Oh and now he's calling me Brohammed Ali.
You threw an open can of pop at me while I was lying on the floor babbling and drooling about how I need to be alone forever, me and my leaking face.
Turns out lunch break sex with someone you cant stand being around for any amount of time just makes you wish you had gone to get tacos like you originally planed.
I asked the cop if I could see his dick- It's not like he could arrest me twice.
I'm going to miss recovering from hangovers on the beach. Rolling around in my dorm bed and watching Friends reruns is just gonna feel like slumming it.

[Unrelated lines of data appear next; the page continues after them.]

lemma hit_iter_pos_iff: "(\<exists>n. 0 < hit_iter A t n u) \<longleftrightarrow> (move A)\<^sup>*\<^sup>* u t \<and> t \<in> A"
proof
  assume "\<exists>n. 0 < hit_iter A t n u"
  then obtain n where "0 < hit_iter A t n u" ..
  then show "(move A)\<^sup>*\<^sup>* u t \<and> t \<in> A"
  proof (induction n arbitrary: u)
    case 0
    then show ?case by simp
  next
    case (Suc n)
    show ?case
    proof (cases "u \<in> A")
      case True
      then show ?thesis
        using Suc.prems unfolding hit_iter_Suc by (simp split: if_splits)
    next
      case False
      then have "0 < (\<Sum>w\<in>St. J u w * hit_iter A t n w)"
        using Suc.prems unfolding hit_iter_Suc by simp
      then obtain w where w: "w \<in> St" "0 < J u w * hit_iter A t n w"
        using jump_nonneg hit_iter_bounds finite_states by (subst (asm) sum_pos_iff_ex_pos) auto
      then have "0 < J u w" "0 < hit_iter A t n w"
        using jump_nonneg[of u w] hit_iter_bounds[where A = A and t = t and n = n and u = w]
        by (auto simp: zero_less_mult_iff)
      then have "move A u w"
        using False w(1) jump_pos_iff by (simp add: move_def)
      then show ?thesis
        using Suc.IH[OF \<open>0 < hit_iter A t n w\<close>] converse_rtranclp_into_rtranclp by metis
    qed
  qed
next
  assume "(move A)\<^sup>*\<^sup>* u t \<and> t \<in> A"
  then have "(move A)\<^sup>*\<^sup>* u t" and t: "t \<in> A" by auto
  then show "\<exists>n. 0 < hit_iter A t n u"
  proof (induction rule: converse_rtranclp_induct)
    case base
    have "hit_iter A t 1 t = 1"
      using t unfolding One_nat_def hit_iter_Suc by simp
    then show ?case by (metis zero_less_one)
  next
    case (step u w)
    then obtain n where n: "0 < hit_iter A t n w" by blast
    have m: "u \<notin> A" "w \<in> St" "0 < R u w"
      using step(1) by (auto simp: move_def)
    have "0 < J u w * hit_iter A t n w"
      using jump_pos_iff[OF m(2)] m(3) n by simp
    also have "\<dots> \<le> (\<Sum>z\<in>St. J u z * hit_iter A t n z)"
      using m(2) finite_states jump_nonneg hit_iter_bounds
      by (intro member_le_sum mult_nonneg_nonneg) auto
    also have "\<dots> = hit_iter A t (Suc n) u"
      using m(1) unfolding hit_iter_Suc by simp
    finally show ?case by blast
  qed
qed

lemma bdd_above_hit_iter: "bdd_above (range (\<lambda>n. hit_iter A t n u))"
  using hit_iter_bounds by (intro bdd_aboveI2) blast

lemma hit_prob_nonneg: "0 \<le> hit_prob E H CC g A t u"
  unfolding hit_prob_def by (rule cSUP_upper2[OF bdd_above_hit_iter, of 0]) auto

lemma hit_prob_pos_iff: "0 < hit_prob E H CC g A t u \<longleftrightarrow> (move A)\<^sup>*\<^sup>* u t \<and> t \<in> A"
  unfolding hit_prob_def less_cSUP_iff[OF UNIV_not_empty bdd_above_hit_iter]
  using hit_iter_pos_iff by simp

lemma trace_rate_pos_iff:
  "0 < trace_rate E H CC g P Q \<longleftrightarrow>
     (\<exists>y\<in>Dl. 0 < R (Pl P) (Pt y) \<and> (move Bottoms)\<^sup>*\<^sup>* (Pt y) (Pl Q) \<and> Pl Q \<in> Bottoms)"
proof -
  have pos_iff: "0 < R (Pl P) (Pt y) * hit_prob E H CC g Bottoms (Pl Q) (Pt y) \<longleftrightarrow>
      0 < R (Pl P) (Pt y) \<and> 0 < hit_prob E H CC g Bottoms (Pl Q) (Pt y)" for y
    using rate_nonneg[of "Pl P" "Pt y"] hit_prob_nonneg[of Bottoms "Pl Q" "Pt y"]
    by (auto simp: zero_less_mult_iff simp del: rate.simps)
  have "0 < trace_rate E H CC g P Q \<longleftrightarrow>
      (\<exists>y\<in>Dl. 0 < R (Pl P) (Pt y) * hit_prob E H CC g Bottoms (Pl Q) (Pt y))"
    unfolding trace_rate_def
    by (rule sum_pos_iff_ex_pos) (simp, intro mult_nonneg_nonneg rate_nonneg hit_prob_nonneg)
  also have "\<dots> \<longleftrightarrow> (\<exists>y\<in>Dl. 0 < R (Pl P) (Pt y) \<and> 0 < hit_prob E H CC g Bottoms (Pl Q) (Pt y))"
    using pos_iff by blast
  finally show ?thesis
    unfolding hit_prob_pos_iff .
qed

lemma moveE:
  assumes "move A u w"
  obtains (descend) x y where "u = Pt x" "w = Pt y" "x \<in> Dl" "y \<in> Dl" "E x y" "H y \<le> H x"
    | (enter) x C where "u = Pt x" "w = Pl (Fmin H C)" "C \<in> CC" "x \<in> Dl" "x \<in> bdry E C"
    | (leave) C y where "u = Pl (Fmin H C)" "w = Pt y" "C \<in> CC" "y \<in> Dl"
        "depth E H C \<le> g" "y \<in> bdry_star E H C"
  using assms unfolding move_def
  by (cases u; cases w)
    (auto simp del: rate.simps simp: rate_Pt_Pt_pos_iff rate_Pt_Pl_pos_iff rate_Pl_Pt_pos_iff
      intro: that)

lemma exit_height_move: "move A u w \<Longrightarrow> exit_height w \<le> exit_height u"
  by (erule moveE) (auto simp: Min_bdry_le bdry_star_iff)

lemma moves_in_states: "(move A)\<^sup>*\<^sup>* u w \<Longrightarrow> u \<in> St \<Longrightarrow> w \<in> St"
  by (induction rule: rtranclp_induct) (auto simp: move_def)

lemma move_reverse:
  assumes "move Bottoms u w" "w \<notin> Bottoms" "u \<in> St" "exit_height w = exit_height u"
  shows "move Bottoms w u"
  using assms(1)
proof (cases rule: moveE)
  case (descend x y)
  then show ?thesis
    using assms(2-4) sym by (auto simp: move_def symp_def)
next
  case (enter x C)
  have "C \<notin> Cstar E H CC g"
    using assms(2) enter(2) by blast
  then have "depth E H C \<le> g"
    using enter(3) by (simp add: Cstar_def)
  moreover have "x \<in> bdry_star E H C"
    using assms(4) enter by (simp add: bdry_star_iff)
  ultimately show ?thesis
    using assms(2,3) enter by (auto simp: move_def rate_Pl_Pt_pos_iff simp del: rate.simps)
next
  case (leave C y)
  then show ?thesis
    using assms(3) by (auto simp: move_def rate_Pt_Pl_pos_iff bdry_star_iff simp del: rate.simps)
qed

lemma moves_reverse_at_level:
  assumes "(move Bottoms)\<^sup>*\<^sup>* u w" "u \<in> St" "exit_height u \<le> c" "w \<notin> Bottoms" "c \<le> exit_height w"
  shows "(move Bottoms)\<^sup>*\<^sup>* w u" "exit_height w = c"
proof -
  have "(move Bottoms)\<^sup>*\<^sup>* w u \<and> exit_height w = c"
    using assms(1,4,5)
  proof (induction rule: rtranclp_induct)
    case base
    then show ?case
      using assms(3) by auto
  next
    case (step v w)
    have down: "exit_height w \<le> exit_height v"
      using exit_height_move[OF step.hyps(2)] .
    have "v \<notin> Bottoms"
      using step.hyps(2) by (simp add: move_def)
    then have path_back: "(move Bottoms)\<^sup>*\<^sup>* v u" and v_level: "exit_height v = c"
      using step.IH step.prems(2) down by auto
    have "move Bottoms w v"
      using move_reverse[OF step.hyps(2) step.prems(1) moves_in_states[OF step.hyps(1) assms(2)]]
        down v_level step.prems(2) by simp
    then show ?case
      using path_back v_level down step.prems(2)
        converse_rtranclp_into_rtranclp[of "move Bottoms" w v u]
      by simp
  qed
  then show "(move Bottoms)\<^sup>*\<^sup>* w u" "exit_height w = c" by auto
qed

lemma last_move_enters:
  assumes "(move A)\<^sup>*\<^sup>* (Pt y) (Pl Q)"
  obtains x C where "(move A)\<^sup>*\<^sup>* (Pt y) (Pt x)" "C \<in> CC" "Q = Fmin H C" "x \<in> Dl" "x \<in> bdry E C"
proof -
  obtain v where v: "(move A)\<^sup>*\<^sup>* (Pt y) v" "move A v (Pl Q)"
    using assms by (cases rule: rtranclp.cases) auto
  from v(2) show thesis
    by (cases rule: moveE) (use v(1) that in auto)
qed

lemma enter_bottom_reversible:
  assumes "y \<in> Dl" "(move Bottoms)\<^sup>*\<^sup>* (Pt y) (Pl (Fmin H C))" "C \<in> CC"
    "H y \<le> Min (H ` bdry E C)"
  obtains x where "x \<in> bdry_star E H C" "H x = H y" "x \<in> Dl" "(move Bottoms)\<^sup>*\<^sup>* (Pt x) (Pt y)"
proof -
  obtain x C' where x: "(move Bottoms)\<^sup>*\<^sup>* (Pt y) (Pt x)" "C' \<in> CC" "Fmin H C = Fmin H C'"
    "x \<in> Dl" "x \<in> bdry E C'"
    using last_move_enters[OF assms(2)] .
  have "C' = C"
    using Fmin_cycle_inj x(2,3) assms(3) by simp
  then have x_bdry: "x \<in> bdry E C"
    using x(5) by simp
  then have "H y \<le> H x"
    using assms(4) Min_bdry_le[of x E C H] by linarith
  then have "(move Bottoms)\<^sup>*\<^sup>* (Pt x) (Pt y)" "H x = H y"
    using moves_reverse_at_level[OF x(1) Pt_in_states[OF assms(1)], of "H y"] by auto
  moreover have "x \<in> bdry_star E H C"
    using x_bdry assms(4) Min_bdry_le[of x E C H] \<open>H x = H y\<close> by (simp add: bdry_star_iff)
  ultimately show thesis
    using that x(4) by blast
qed

lemma leave_deep_bottom:
  assumes "G \<in> CC" "g \<le> depth E H G" "s \<in> Fmin H G" "0 < R (Pl (Fmin H G)) (Pt y)"
  shows "y \<in> Dl" "y \<in> bdry E G" "H y = g + H s"
proof -
  obtain G' where G': "G' \<in> CC" "Fmin H G' = Fmin H G" "depth E H G' \<le> g"
    "y \<in> bdry_star E H G'" and y: "y \<in> Dl"
    using assms(4) by (auto simp: rate_Pl_Pt_pos_iff simp del: rate.simps)
  have "G' = G"
    using Fmin_cycle_inj G'(1,2) assms(1) by simp
  then have "y \<in> bdry E G" "H y = Min (H ` bdry E G)" "depth E H G = g"
    using G'(3,4) assms(2) by (auto simp: bdry_star_iff)
  moreover have "H s = Min (H ` G)"
    using Fmin_eq_Min[OF _ assms(3)] by simp
  ultimately show "y \<in> Dl" "y \<in> bdry E G" "H y = g + H s"
    using y unfolding depth_def by auto
qed

lemma trace_rate_from_ground_bottom:
  assumes G: "G \<in> CC" "g \<le> depth E H G" "Fmin H G \<subseteq> ground H"
    and C: "C \<in> CC" "g \<le> depth E H C"
    and pos: "0 < trace_rate E H CC g (Fmin H G) (Fmin H C)"
  shows "Fmin H C \<subseteq> ground H" "0 < trace_rate E H CC g (Fmin H C) (Fmin H G)"
proof -
  obtain s where s: "s \<in> Fmin H G"
    using Fmin_cycle_nonempty[OF G(1)] by blast
  have s_min: "H s \<le> H z" for z
    using s G(3) by (auto simp: ground_def)
  obtain y where y: "y \<in> Dl" "0 < R (Pl (Fmin H G)) (Pt y)"
    "(move Bottoms)\<^sup>*\<^sup>* (Pt y) (Pl (Fmin H C))"
    using pos unfolding trace_rate_pos_iff by blast
  have y_bdry: "y \<in> bdry E G" and Hy: "H y = g + H s"
    using leave_deep_bottom[OF G(1,2) s y(2)] by auto
  have "H s \<le> Min (H ` C)"
    using s_min cycles_nonempty C(1) by simp
  then have "H y \<le> Min (H ` bdry E C)"
    using Hy C(2) unfolding depth_def by linarith
  then obtain x where x: "x \<in> bdry_star E H C" "H x = H y" "x \<in> Dl"
    "(move Bottoms)\<^sup>*\<^sup>* (Pt x) (Pt y)"
    using enter_bottom_reversible[OF y(1,3) C(1)] by blast
  have min_C: "Min (H ` C) = H s" and depth_C: "depth E H C \<le> g"
    using x(1,2) Hy \<open>H s \<le> Min (H ` C)\<close> C(2) unfolding bdry_star_iff depth_def by linarith+
  show "Fmin H C \<subseteq> ground H"
    using Fmin_eq_Min[of C _ H] min_C s_min by (auto simp: ground_def)
  have "0 < R (Pl (Fmin H C)) (Pt x)"
    using x(1,3) C(1) depth_C by (auto simp: rate_Pl_Pt_pos_iff simp del: rate.simps)
  moreover have "move Bottoms (Pt y) (Pl (Fmin H G))"
    using y(1) y_bdry G(1) Pl_in_states
    by (auto simp: move_def rate_Pt_Pl_pos_iff simp del: rate.simps)
  moreover have "Pl (Fmin H G) \<in> Bottoms"
    using G(1,2) by (auto simp: Cstar_def)
  ultimately show "0 < trace_rate E H CC g (Fmin H C) (Fmin H G)"
    unfolding trace_rate_pos_iff using x(3,4) by (meson rtranclp.rtrancl_into_rtrancl)
qed

abbreviation "Pst \<equiv> Pstar E H CC g"
abbreviation "reaches \<equiv> reach E H CC g"
abbreviation "trace_edge \<equiv> \<lambda>P Q. P \<in> Pst \<and> Q \<in> Pst \<and> P \<noteq> Q \<and> 0 < trace_rate E H CC g P Q"

lemma mem_Pstar_iff: "Q \<in> Pst \<longleftrightarrow> (\<exists>C\<in>CC. g \<le> depth E H C \<and> Q = Fmin H C)"
  by (auto simp: Pstar_def Cstar_def)

lemma Pstar_nonempty: "Q \<in> Pst \<Longrightarrow> Q \<noteq> {}"
  using Fmin_cycle_nonempty by (auto simp: mem_Pstar_iff)

lemma Pstar_disjoint:
  assumes "Q1 \<in> Pst" "Q2 \<in> Pst" "p \<in> Q1" "p \<in> Q2"
  shows "Q1 = Q2"
proof -
  obtain C1 C2 where C: "C1 \<in> CC" "Q1 = Fmin H C1" "C2 \<in> CC" "Q2 = Fmin H C2"
    using assms(1,2) unfolding mem_Pstar_iff by blast
  then have "p \<in> C1 \<inter> C2"
    using assms(3,4) Fmin_subset[of H C1] Fmin_subset[of H C2] by auto
  then have "C1 = C2"
    using C(1,3) cycles_disjoint by blast
  then show ?thesis
    using C(2,4) by simp
qed

lemma reach_from_ground_bottom:
  assumes "G \<in> Pst" "G \<subseteq> ground H" "reaches G Q"
  shows "Q \<subseteq> ground H \<and> reaches Q G"
  using assms(3) unfolding reach_def
proof (induction rule: rtranclp_induct)
  case base
  then show ?case
    using assms(2) by simp
next
  case (step Q Q')
  obtain CQ where CQ: "CQ \<in> CC" "g \<le> depth E H CQ" "Q = Fmin H CQ"
    using step.hyps(2) unfolding mem_Pstar_iff by blast
  obtain C' where C': "C' \<in> CC" "g \<le> depth E H C'" "Q' = Fmin H C'"
    using step.hyps(2) unfolding mem_Pstar_iff by blast
  have "Q' \<subseteq> ground H" "0 < trace_rate E H CC g Q' Q"
    using trace_rate_from_ground_bottom[OF CQ(1,2) _ C'(1,2)] step CQ(3) C'(3) by auto
  then show ?case
    using step converse_rtranclp_into_rtranclp[of trace_edge Q' Q G] by auto
qed

section \<open>Closed classes of the trace chain\<close>

abbreviation "Cls \<equiv> closed_classes E H CC g"

definition comm_class :: "'a set \<Rightarrow> 'a set set" where
  "comm_class P = {Q \<in> Pst. reaches P Q \<and> reaches Q P}"

lemma closed_classes_eq: "Cls = {comm_class P | P. P \<in> Pst \<and> (\<forall>Q. reaches P Q \<longrightarrow> reaches Q P)}"
  by (simp add: closed_classes_def comm_class_def)

lemma self_in_comm_class: "P \<in> Pst \<Longrightarrow> P \<in> comm_class P"
  by (simp add: comm_class_def reach_def)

I was hooking up with him and then someone banged on the door and shouted "When you get the chance, will you put the weed on the veranda?"
Well I just finished dry heaving so I think breakfast is a little further out for me
my sex drive just dried up, fell out, and is rolling on the floor somewhere.
Got out of the uber to projectile vomit in the McDonald's drive thru. Gonna take a break from the Cuervo for a while.
How drunk is too drunk to be on an airplane?
No no no, work drunk and day drunk are totally different. I got drunk with a client and made a huge sale at 1pm. You are still in your PJs and jacking off.